WASHINGTON – Strengthening the GI Bill, institutional accountability and protecting military-connected families from unethical and illegal practices were among the top concerns that various veteran and military-service groups want to see addressed in a reauthorized Higher Education Act.
At a brief press conference Thursday at the Longworth House Office Building, representatives of several advocacy groups and nonprofits spoke about common concerns among their constituents. The show of unity included organizations such as the Tragedy Assistance Program for Survivors, Veterans Education Success, Student Veterans of America, the American Legion, the National Military Family Association and organizations representing vets from the Vietnam, Iraq and Afghanistan wars.
Ashlynne Haycock, deputy director of policy for the Tragedy Assistance Program for Survivors, said her organization, which represents 85,000 people, shares the same goals as the other groups.
In addition, closing loopholes in the required 90-10 ratio of federal funds to other payment sources received by institutions also was cited as a major concern.
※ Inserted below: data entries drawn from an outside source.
lemma refl_parity_imp_len_less:
  assumes r: "r \<in> T" and g: "g \<in> carrier G" and parity: "refl_parity g r"
  shows "len (r \<otimes> g) < len g"
proof -
  obtain w where w: "set w \<subseteq> S" "word_prod G w = g" "length w = len g"
    using reduced_word g by blast
  have "odd (refl_count G w r)" using parity refl_parity_word[of w r] w r by simp
  then have "refl_count G w r > 0" by (rule odd_pos)
  moreover have "set w \<subseteq> carrier G" using w generators_closed by auto
  ultimately obtain xs c ys where "w = xs @ c # ys" "r \<otimes> g = word_prod G (xs @ ys)"
    using refl_count_pos_deletion[of w r] r w(2) by auto
  then show ?thesis
    using len_word_le[of "xs @ ys"] w by auto
qed

lemma len_less_iff_refl_parity:
  assumes r: "r \<in> T" and g: "g \<in> carrier G"
  shows "len (r \<otimes> g) < len g \<longleftrightarrow> refl_parity g r"
proof
  assume less: "len (r \<otimes> g) < len g"
  show "refl_parity g r"
  proof (rule ccontr)
    assume "\<not> refl_parity g r"
    then have "len (r \<otimes> (r \<otimes> g)) < len (r \<otimes> g)"
      using refl_parity_imp_len_less refl_parity_reflection_mult r g by simp
    with less show False using r g by (simp add: m_assoc[symmetric])
  qed
qed (use refl_parity_imp_len_less assms in blast)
Some schools take advantage of loopholes to garner a larger proportion of federal funds than regulations allow them to have.
“We’re very mindful there is a broad range of individuals who receive federal educational assistance,” she said. “We definitely don’t want to focus only on us and put the burden on somebody else, make somebody else a bigger target. We definitely would like to see a comprehensive, targeted approach for anyone who is affect by this loophole. I think we’re pretty optimistic. We’ve seen some movement lately.”
Some suggested categorizing financial benefits for military-connected students, such as the GI Bill, as federal funds would help prevent some schools from using predatory tactics to lure those students and drain their benefits while having low persistence rates or causing students to graduate with unnecessary debt.
She echoed a call for preserving loan forgiveness for public service and simplification of the existing program.
“It’s pretty complicated right now,” Davis said. “And we’d like to expand it to other occupations such as the mental health field. Nationally, there’s a shortage of providers and the need for mental health services is growing. Including that field in public service loan forgiveness would incentivize providers to go that route. In turn, that would benefit those who need the services.”
The issues raised Thursday are part of a “comprehensive list” of priorities for Student Veterans of America, said vice president of government affairs Lauren Augustine, who represents the 1,500-chapter nonprofit.
SVA, she said, is taking a holistic perspective “that both doubles down on the investment America is making” in military-connected students “and also grows protections for those students to prevent predatory practices that promote fraud, waste and abuse.”
“We know there’s a lot of good will to address some of these things in HEA,” she said. “We hope we can help drive that to a reality.”